# Mini track in NE Ohio?



## lowdoughracer (Jul 12, 2005)

Hello everyone,
I used to race 1/10 carpet oval a few years back and have been looking at getting back into r/c and racing. I have been looking around at mini's and think it might be a good thing for me to get because of the cost, and being able to drive it at home as well as at the track. Just was curious as to if there were any tracks that raced mini's in northeast Ohio (on-road, off-road, oval) and what they raced there. Thanks for all the help!
~Jake~


----------



## BudBartos (Jan 1, 1970)

BRP's at Freddies hobbies in Ravenna and the gate in Brunswick both are carpet. We have a race this Sat at Freddies, come out and check it out. Racing starts at 5:00 It's as low dough as You can get.

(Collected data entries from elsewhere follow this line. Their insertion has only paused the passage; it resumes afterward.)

(* Let $L>0$, $h>0$ and let $\hat \varphi:\mathbb{R}\to\mathbb{R}$ be any function. Suppose real sequences $(v_{L,k})$, $(i_{L,k})$, $(v_{M,k})$, $(i_{M,k})$, $(q_{M,k})$, $k=0,1,2,\dots$, satisfy for all $k$: $$v_{L,k}=L\frac{i_{L,k+1}-i_{L,k}}{h},\quad v_{M,k}=\frac{\hat \varphi(q_{M,k+1})-\hat \varphi(q_{M,k})}{h},\quad q_{M,k+1}=q_{M,k}+hi_{M,k},$$ $$v_{L,k}+v_{M,k}=0,\qquad i_{L,k}=i_{M,k}.$$ Then: 1) $(i_{L,k},q_{M,k})$ is an orbit of the two-dimensional map $$i_{L,k+1}=i_{L,k}-\tfrac{1}{L}\big(\hat \varphi(q_{M,k}+hi_{L,k})-\hat \varphi(q_{M,k})\big),\qquad q_{M,k+1}=q_{M,k}+hi_{L,k}.$$ 2) For any step size $h>0$, the function $\Theta_{ML}(i_L,q_M)=Li_L+\hat\varphi(q_M)$ is a first integral of this map, i.e. $\Theta_{ML}(i_{L,k+1},q_{M,k+1})=\Theta_{ML}(i_{L,k},q_{M,k})$ for all $k\ge0$ along every orbit. 3) Consequently $\mathbb{R}^2$ is foliated into the invariant sets $\mathcal{M}_{ML}(\Phi_0)=\{(i_L,q_M)\in\mathbb{R}^2: Li_L+\hat\varphi(q_M)=\Phi_0\}$, $\Phi_0\in\mathbb{R}$, and along any orbit of the map lying in $\mathcal{M}_{ML}(\Phi_0)$ the variable $q_{M,k}$ obeys the one-dimensional map $$q_{M,k+1}=q_{M,k}-\frac{h}{L}\hat\varphi(q_{M,k})+\frac{h}{L}\Phi_0.$$
   Context: These equations model a discrete-time circuit of a linear inductor (inductance $L$, voltage $v_L$, current $i_L$) connected to an ideal charge-controlled memristor with constitutive relation $\varphi_M=\hat\varphi(q_M)$ (voltage $v_M$, current $i_M$, charge $q_M$), discretized with step size $h$; the last two equations are Kirchhoff's voltage and current laws. *)

theory Defs
  imports Complex_Main
begin

definition LM_map :: "real \<Rightarrow> real \<Rightarrow> (real \<Rightarrow> real) \<Rightarrow> real \<times> real \<Rightarrow> real \<times> real" where
  "LM_map L h phi p = (fst p - (phi (snd p + h * fst p) - phi (snd p)) / L, snd p + h * fst p)"

definition Theta_ML :: "real \<Rightarrow> (real \<Rightarrow> real) \<Rightarrow> real \<times> real \<Rightarrow> real" where
  "Theta_ML L phi p = L * fst p + phi (snd p)"

definition M_ML :: "real \<Rightarrow> (real \<Rightarrow> real) \<Rightarrow> real \<Rightarrow> (real \<times> real) set" where
  "M_ML L phi Phi0 = {(i, q). L * i + phi q = Phi0}"

end

theory Submission
  imports Defs
begin

text \<open>Eliminating the voltages with Kirchhoff's laws leaves
  L (i' - i) + phi q' - phi q = 0 and q' = q + h i, which is the map. The first identity says
  that L i + phi q is conserved exactly, for every step size, so each level set of Theta_ML is
  invariant; on the level Phi0 one solves i = (Phi0 - phi q) / L and substitutes it into the
  charge update.\<close>

lemma M_ML_iff_Theta_ML: "p \<in> M_ML L phi Phi0 \<longleftrightarrow> Theta_ML L phi p = Phi0"
  by (cases p) (simp add: M_ML_def Theta_ML_def)

lemma Theta_ML_LM_map:
  assumes "L \<noteq> 0"
  shows "Theta_ML L phi (LM_map L h phi p) = Theta_ML L phi p"
  using assms by (simp add: LM_map_def Theta_ML_def field_simps)

lemma LM_map_preserves_M_ML:
  assumes "L \<noteq> 0" and "p \<in> M_ML L phi Phi0"
  shows "LM_map L h phi p \<in> M_ML L phi Phi0"
  using assms by (simp add: M_ML_iff_Theta_ML Theta_ML_LM_map)

lemma snd_LM_map_on_M_ML:
  assumes "L \<noteq> 0" and "p \<in> M_ML L phi Phi0"
  shows "snd (LM_map L h phi p) = snd p - h / L * phi (snd p) + h / L * Phi0"
proof -
  have "fst p = (Phi0 - phi (snd p)) / L"
    using assms by (simp add: M_ML_iff_Theta_ML Theta_ML_def field_simps)
  then show ?thesis
    by (simp add: LM_map_def diff_divide_distrib right_diff_distrib)
qed

lemma circuit_step_is_LM_map:
  fixes L h :: real
  assumes "L \<noteq> 0" and "h \<noteq> 0"
    and "vL = L * (iL' - iL) / h"
    and "vM = (phi qM' - phi qM) / h"
    and "qM' = qM + h * iL"
    and "vL + vM = 0"
  shows "(iL', qM') = LM_map L h phi (iL, qM)"
proof -
  have "L * (iL' - iL) + (phi qM' - phi qM) = 0"
    using assms(2-4,6) by (simp add: add_divide_distrib[symmetric])
  then have "iL' = iL - (phi qM' - phi qM) / L"
    using assms(1) by (simp add: field_simps)
  with assms(5) show ?thesis
    by (simp add: LM_map_def)
qed

theorem proposition2:
  fixes L h :: real and phi :: "real \<Rightarrow> real"
    and vL iL vM iM qM :: "nat \<Rightarrow> real"
  assumes L_pos: "L > 0" and h_pos: "h > 0"
    and eqL: "\<And>k. vL k = L * (iL (Suc k) - iL k) / h"
    and eqM: "\<And>k. vM k = (phi (qM (Suc k)) - phi (qM k)) / h"
    and eqq: "\<And>k. qM (Suc k) = qM k + h * iM k"
    and KVL: "\<And>k. vL k + vM k = 0"
    and KCL: "\<And>k. iL k = iM k"
  shows "(\<forall>k. (iL (Suc k), qM (Suc k)) = LM_map L h phi (iL k, qM k))
    \<and> (\<forall>x :: nat \<Rightarrow> real \<times> real. (\<forall>k. x (Suc k) = LM_map L h phi (x k)) \<longrightarrow>
          (\<forall>k. Theta_ML L phi (x (Suc k)) = Theta_ML L phi (x k)))
    \<and> (\<forall>p :: real \<times> real. \<exists>!Phi0. p \<in> M_ML L phi Phi0)
    \<and> (\<forall>Phi0 p. p \<in> M_ML L phi Phi0 \<longrightarrow> LM_map L h phi p \<in> M_ML L phi Phi0)
    \<and> (\<forall>Phi0 (x :: nat \<Rightarrow> real \<times> real).
          (\<forall>k. x (Suc k) = LM_map L h phi (x k)) \<and> (\<forall>k. x k \<in> M_ML L phi Phi0) \<longrightarrow>
          (\<forall>k. snd (x (Suc k)) = snd (x k) - h / L * phi (snd (x k)) + h / L * Phi0))"
proof -
  have L: "L \<noteq> 0" and h: "h \<noteq> 0"
    using L_pos h_pos by auto
  have "(iL (Suc k), qM (Suc k)) = LM_map L h phi (iL k, qM k)" for k
    using circuit_step_is_LM_map[where phi = phi, OF L h eqL eqM _ KVL] eqq KCL by simp
  moreover have "\<exists>!Phi0. p \<in> M_ML L phi Phi0" for p
    by (simp add: M_ML_iff_Theta_ML)
  ultimately show ?thesis
    using Theta_ML_LM_map[OF L] LM_map_preserves_M_ML[OF L] snd_LM_map_on_M_ML[OF L]
    by simp
qed

end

http://www.freddieshobbies.com/

www.brpracing.com


----------



## team martis (Mar 24, 2010)

Hi lowdough . Were in toledo ohio an have a oval track here. we run minis ALOT. Its HOBBYSTOP WEST Raceway At woodville mall . Check out some races on youtube. We race BRP, Mini Sliders, Mini Latemodels , an run offroad Minis on fri oval sat road course on sun . indoor flying on tues . They also race 1/10 slider too. TEAM MARTIS


----------